--- START ---

text \<open>Call a vertex set X of a circuit C tight if it spans 2|X| - 3 edges. Tight sets
  meeting in at least two vertices have tight union and intersection (if the union is a
  proper subset), by supermodularity of the span count. A circuit with at least five
  vertices has two non-adjacent vertices v, w of degree 3; removing one of them leaves a
  tight set, removing both leaves a non-tight set W, so some pair x, y in W is not
  contained in any tight subset of W. Let T be a minimal tight set containing x, y that
  avoids v, and S one that avoids w. Then T and S together cover all vertices and all
  edges of C, and adding the non-edge xy to the span of each of them gives two smaller
  circuits whose combinatorial resultant along xy is C. Induction on the number of
  vertices, with base case K4, builds the tree.\<close>

definition tight :: "'a set set \<Rightarrow> 'a set \<Rightarrow> bool" where
  "tight E X \<longleftrightarrow> int (card (span E X)) = 2 * int (card X) - 3"

definition degree :: "'a set set \<Rightarrow> 'a \<Rightarrow> nat" where
  "degree E u = card {f\<in>E. u \<in> f}"

lemma two_le_card: "finite A \<Longrightarrow> a \<in> A \<Longrightarrow> b \<in> A \<Longrightarrow> a \<noteq> b \<Longrightarrow> 2 \<le> card A"
  using card_le_Suc0_iff_eq[of A] by fastforce

lemma graph_finite: "graph E \<Longrightarrow> finite E"
  by (simp add: graph_def)

lemma graph_card_edge: "graph E \<Longrightarrow> f \<in> E \<Longrightarrow> card f = 2"
  by (simp add: graph_def)

lemma edge_subset_verts: "f \<in> E \<Longrightarrow> f \<subseteq> verts E"
  by (auto simp: verts_def)
lemma nn_integral_majorant:
  assumes c: "\<And>l j. c l j > 0" and C: "C \<ge> 0"
  shows "(\<integral>\<^sup>+ u. ennreal (C / u\<^sup>2) * indicator {1..} u +
      ennreal a * (\<Sum>l. \<Sum>j. ennreal (1 / u\<^sup>2) * indicator {c l j..} u) \<partial>lborel)
    = ennreal C + ennreal a * (\<Sum>l. \<Sum>j. ennreal (1 / c l j))"
proof -
  have "(\<integral>\<^sup>+ u. ennreal (C / u\<^sup>2) * indicator {1..} u \<partial>lborel)
      = (\<integral>\<^sup>+ u. ennreal C * (ennreal (1 / u\<^sup>2) * indicator {1..} u) \<partial>lborel)"
  proof (intro nn_integral_cong)
    fix u :: real
    have "ennreal (C / u\<^sup>2) = ennreal C * ennreal (1 / u\<^sup>2)"
      using C by (simp add: ennreal_mult[symmetric])
    then show "ennreal (C / u\<^sup>2) * indicator {1..} u = ennreal C * (ennreal (1 / u\<^sup>2) * indicator {1..} u)"
      by (simp add: mult.assoc)
  qed
  also have "\<dots> = ennreal C"
    using nn_integral_inverse_square_atLeast[of 1] by (subst nn_integral_cmult) auto
  finally have first: "(\<integral>\<^sup>+ u. ennreal (C / u\<^sup>2) * indicator {1..} u \<partial>lborel) = ennreal C" .
  have "(\<integral>\<^sup>+ u. (\<Sum>l. \<Sum>j. ennreal (1 / u\<^sup>2) * indicator {c l j..} u) \<partial>lborel)
      = (\<Sum>l. \<Sum>j. \<integral>\<^sup>+ u. ennreal (1 / u\<^sup>2) * indicator {c l j..} u \<partial>lborel)"
  proof -
    have "(\<lambda>u. \<Sum>j. ennreal (1 / u\<^sup>2) * indicator {c l j..} u) \<in> borel_measurable lborel" for l
      by measurable
    then have "(\<integral>\<^sup>+ u. (\<Sum>l. \<Sum>j. ennreal (1 / u\<^sup>2) * indicator {c l j..} u) \<partial>lborel)
        = (\<Sum>l. \<integral>\<^sup>+ u. (\<Sum>j. ennreal (1 / u\<^sup>2) * indicator {c l j..} u) \<partial>lborel)"
      by (intro nn_integral_suminf) auto
    also have "\<dots> = (\<Sum>l. \<Sum>j. \<integral>\<^sup>+ u. ennreal (1 / u\<^sup>2) * indicator {c l j..} u \<partial>lborel)"
      by (intro suminf_cong nn_integral_suminf) measurable
    finally show ?thesis .
  qed
  also have "\<dots> = (\<Sum>l. \<Sum>j. ennreal (1 / c l j))"
    using c by (simp add: nn_integral_inverse_square_atLeast)
  finally show ?thesis
    by (subst nn_integral_add) (auto simp: first nn_integral_cmult)
qed

lemma ennreal_max_0_le_count:
  "ennreal (max 0 z) \<le> (\<Sum>j. if real j \<le> z then 1 else 0)"
proof (cases "z \<ge> 0")
  case True
  have "(\<Sum>j. if real j \<le> z then 1 else (0::ennreal)) = (\<Sum>j\<le>nat \<lfloor>z\<rfloor>. if real j \<le> z then 1 else 0)"
  proof (rule suminf_finite)
    fix n assume "n \<notin> {..nat \<lfloor>z\<rfloor>}"
    then have "real n > z" using True by (simp add: not_le) linarith
    then show "(if real n \<le> z then 1 else (0::ennreal)) = 0" by simp
  qed auto
  also have "\<dots> = (\<Sum>j\<le>nat \<lfloor>z\<rfloor>. (1::ennreal))"
    using True by (intro sum.cong) (auto simp: le_nat_iff le_floor_iff)
  also have "\<dots> = ennreal (real (nat \<lfloor>z\<rfloor> + 1))" by (simp add: ennreal_of_nat_eq_real_of_nat)
  finally have eq: "(\<Sum>j. if real j \<le> z then 1 else (0::ennreal)) = ennreal (real (nat \<lfloor>z\<rfloor> + 1))" .
  have "real (nat \<lfloor>z\<rfloor> + 1) = of_int \<lfloor>z\<rfloor> + 1" using True by simp
  then have "z \<le> real (nat \<lfloor>z\<rfloor> + 1)" using real_of_int_floor_add_one_gt[of z] by linarith
  moreover have "max 0 z = z" using True by simp
  ultimately show ?thesis unfolding eq by (metis ennreal_leI)
qed simp
(* For every $n\ge0$ and every $\sigma\in\mathfrak S_n$, with $\Phi$ and $\mathrm F_3$ the bijections of $\mathfrak S_n$ defined below, $$(\mathrm{fix},\mathrm{DEZ},\mathrm{exc})\,\sigma=(\mathrm{fix},\mathrm{DES},\mathrm{exc})\,\Phi(\sigma),\qquad (\mathrm{fix},\mathrm{dez},\mathrm{maz},\mathrm{exc})\,\sigma=(\mathrm{fix},\mathrm{des},\mathrm{maj},\mathrm{exc})\,\Phi(\sigma),$$ $$(\mathrm{fix},\mathrm{maz},\mathrm{exc})\,\sigma=(\mathrm{fix},\mathrm{maf},\mathrm{exc})\,\mathrm F_3(\sigma).$$
   Context: Words have nonnegative integer letters. For $w=x_1\cdots x_n$: $\mathrm{DES}\,w=\{i:1\le i\le n-1,\ x_i>x_{i+1}\}$, $\mathrm{des}\,w=\#\mathrm{DES}\,w$, $\mathrm{maj}\,w=\sum_{i\in\mathrm{DES}\,w}i$; $\mathrm{Zero}\,w=\{i:x_i=0\}$, $\mathrm{zero}\,w=\#\mathrm{Zero}\,w$; $\mathrm{Pos}\,w$ is the subword of positive letters; $\mathrm{mafz}\,w=\sum_{i\in\mathrm{Zero}\,w}i-\sum_{i=1}^{\mathrm{zero}\,w}i+\mathrm{maj}\,\mathrm{Pos}\,w$. Permutations are words $\sigma(1)\cdots\sigma(n)$, with $\mathrm{DES},\mathrm{des},\mathrm{maj}$ as for words; $\mathrm{fix}\,\sigma$ is the number of fixed points; $\mathrm{exc}\,\sigma=\#\{i:\sigma(i)>i\}$. $\mathrm{ZDer}$: for $\sigma\in\mathfrak S_n$ let $j_1<\cdots<j_m$ be its non-fixed points and $\mathrm{red}$ the increasing bijection of $\{j_1,\dots,j_m\}$ onto $\{1,\dots,m\}$; $\mathrm{ZDer}(\sigma)=x_1\cdots x_n$ with $x_i=0$ if $\sigma(i)=i$ and $x_i=\mathrm{red}(\sigma(i))$ otherwise; it is a bijection of $\mathfrak S_n$ onto the set of words $w$ of length $n$ whose positive-letter subword is a derangement (permutation $y_1\cdots y_m$ of $1..m$ with $y_i\ne i$). $\mathrm{DEZ}\,\sigma=\mathrm{DES}\,\mathrm{ZDer}(\sigma)$, $\mathrm{dez}\,\sigma=\#\mathrm{DEZ}\,\sigma$, $\mathrm{maz}\,\sigma=\mathrm{maj}\,\mathrm{ZDer}(\sigma)$, $\mathrm{maf}\,\sigma=\mathrm{mafz}\,\mathrm{ZDer}(\sigma)$. $\Phi(\sigma)=\mathrm{ZDer}^{-1}({\bf\Phi}(\mathrm{ZDer}\,\sigma))$ and $\mathrm F_3(\sigma)=\mathrm{ZDer}^{-1}({\bf F}_3(\mathrm{ZDer}\,\sigma))$, where: ${\bf\Phi}$: for $w=x_1\cdots x_n$ with $n-m$ zeros and derangement positive subword, and a position $k$ with $x_k>0$, $\mathrm{red}(k)$ is the number of positive letters among $x_1,\dots,x_k$; $x_k$ is excedent if $x_k>\mathrm{red}(k)$, subexcedent if $x_k<\mathrm{red}(k)$; non-subexcedent means $0$ or excedent; $x_0=x_{n+1}=+\infty$ count as non-subexcedent. For $1\le l\le n$: if $l>n-m$, $\phi_l(w)=w$; otherwise let $j$ be the position of the $l$-th zero from the left. (a) $x_{j-1},x_{j+1}$ both non-subexcedent: $\phi_l(w)=w$. (b) $x_{j-1}$ non-subexcedent and $x_{j+1}$ subexcedent, or both subexcedent with $x_{j-1}>x_{j+1}$: with $k$ the greatest integer $\ge j+1$ such that $x_{j+1}<\cdots<x_k<\mathrm{red}(k)$, move the zero at position $j$ to just after $x_k$. (c) $x_{j-1}$ subexcedent and $x_{j+1}$ non-subexcedent, or both subexcedent with $x_{j-1}<x_{j+1}$: with $i$ the smallest integer $\le j-1$ such that $\mathrm{red}(i)>x_i>\cdots>x_{j-1}$, move the zero at position $j$ to just before $x_i$. ${\bf\Phi}=\phi_1\circ\cdots\circ\phi_n$. ${\bf F}_3$, by induction on length $n$: if $n\le1$ or all letters except the last are $0$, ${\bf F}_3(w)=w$. Otherwise write $w=w'a0^rb$ with $a\ge1$ the rightmost positive letter among the first $n-1$ letters, $r\ge0$, $b$ the last letter. (1) $a\le b$: ${\bf F}_3(w)={\bf F}_3(w'a0^r)b$. (2) $a>b$, $r\ge1$: writing ${\bf F}_3(w'a0^r)=w''c$ ($c$ a letter), ${\bf F}_3(w)=0w''b$. (3) $a>b$, $r=0$: writing ${\bf F}_3(w'a)=0^{m_1}x_1v_1\cdots0^{m_k}x_kv_k$ ($m_1\ge0$, $m_2,\dots,m_k\ge1$, $x_i$ positive letters, $v_i$ possibly empty words of positive letters), ${\bf F}_3(w)=x_10^{m_1}v_1\cdots x_k0^{m_k}v_k\,b$. *)

theory Defs
  imports Main
begin

text \<open>Words are lists of natural numbers; positions are 1-based, so the letter
  x_i of w is w ! (i - 1).\<close>

definition DES :: "nat list \<Rightarrow> nat set" where
  "DES w = {i. 1 \<le> i \<and> i \<le> length w - 1 \<and> w ! (i - 1) > w ! i}"

definition des :: "nat list \<Rightarrow> nat" where
  "des w = card (DES w)"

definition maj :: "nat list \<Rightarrow> nat" where
  "maj w = \<Sum>(DES w)"

definition Zero_pos :: "nat list \<Rightarrow> nat set" where
  "Zero_pos w = {i. 1 \<le> i \<and> i \<le> length w \<and> w ! (i - 1) = 0}"

definition zero_cnt :: "nat list \<Rightarrow> nat" where
  "zero_cnt w = card (Zero_pos w)"

definition Pos :: "nat list \<Rightarrow> nat list" where
  "Pos w = filter (\<lambda>x. 0 < x) w"

definition mafz :: "nat list \<Rightarrow> int" where
  "mafz w = int (\<Sum>(Zero_pos w)) - int (\<Sum>{1..zero_cnt w}) + int (maj (Pos w))"

definition perms :: "nat \<Rightarrow> nat list set" where
  "perms n = {s. length s = n \<and> distinct s \<and> set s = {1..n}}"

--- END ---

TASK DETAILS:
Extract the lines above, from the first one through the one containing "fix u :: real", and return only those, unchanged.

WRITTEN REPLY:
text \<open>Call a vertex set X of a circuit C tight if it spans 2|X| - 3 edges. Tight sets
  meeting in at least two vertices have tight union and intersection (if the union is a
  proper subset), by supermodularity of the span count. A circuit with at least five
  vertices has two non-adjacent vertices v, w of degree 3; removing one of them leaves a
  tight set, removing both leaves a non-tight set W, so some pair x, y in W is not
  contained in any tight subset of W. Let T be a minimal tight set containing x, y that
  avoids v, and S one that avoids w. Then T and S together cover all vertices and all
  edges of C, and adding the non-edge xy to the span of each of them gives two smaller
  circuits whose combinatorial resultant along xy is C. Induction on the number of
  vertices, with base case K4, builds the tree.\<close>

definition tight :: "'a set set \<Rightarrow> 'a set \<Rightarrow> bool" where
  "tight E X \<longleftrightarrow> int (card (span E X)) = 2 * int (card X) - 3"

definition degree :: "'a set set \<Rightarrow> 'a \<Rightarrow> nat" where
  "degree E u = card {f\<in>E. u \<in> f}"

lemma two_le_card: "finite A \<Longrightarrow> a \<in> A \<Longrightarrow> b \<in> A \<Longrightarrow> a \<noteq> b \<Longrightarrow> 2 \<le> card A"
  using card_le_Suc0_iff_eq[of A] by fastforce

lemma graph_finite: "graph E \<Longrightarrow> finite E"
  by (simp add: graph_def)

lemma graph_card_edge: "graph E \<Longrightarrow> f \<in> E \<Longrightarrow> card f = 2"
  by (simp add: graph_def)

lemma edge_subset_verts: "f \<in> E \<Longrightarrow> f \<subseteq> verts E"
  by (auto simp: verts_def)
lemma nn_integral_majorant:
  assumes c: "\<And>l j. c l j > 0" and C: "C \<ge> 0"
  shows "(\<integral>\<^sup>+ u. ennreal (C / u\<^sup>2) * indicator {1..} u +
      ennreal a * (\<Sum>l. \<Sum>j. ennreal (1 / u\<^sup>2) * indicator {c l j..} u) \<partial>lborel)
    = ennreal C + ennreal a * (\<Sum>l. \<Sum>j. ennreal (1 / c l j))"
proof -
  have "(\<integral>\<^sup>+ u. ennreal (C / u\<^sup>2) * indicator {1..} u \<partial>lborel)
      = (\<integral>\<^sup>+ u. ennreal C * (ennreal (1 / u\<^sup>2) * indicator {1..} u) \<partial>lborel)"
  proof (intro nn_integral_cong)
    fix u :: real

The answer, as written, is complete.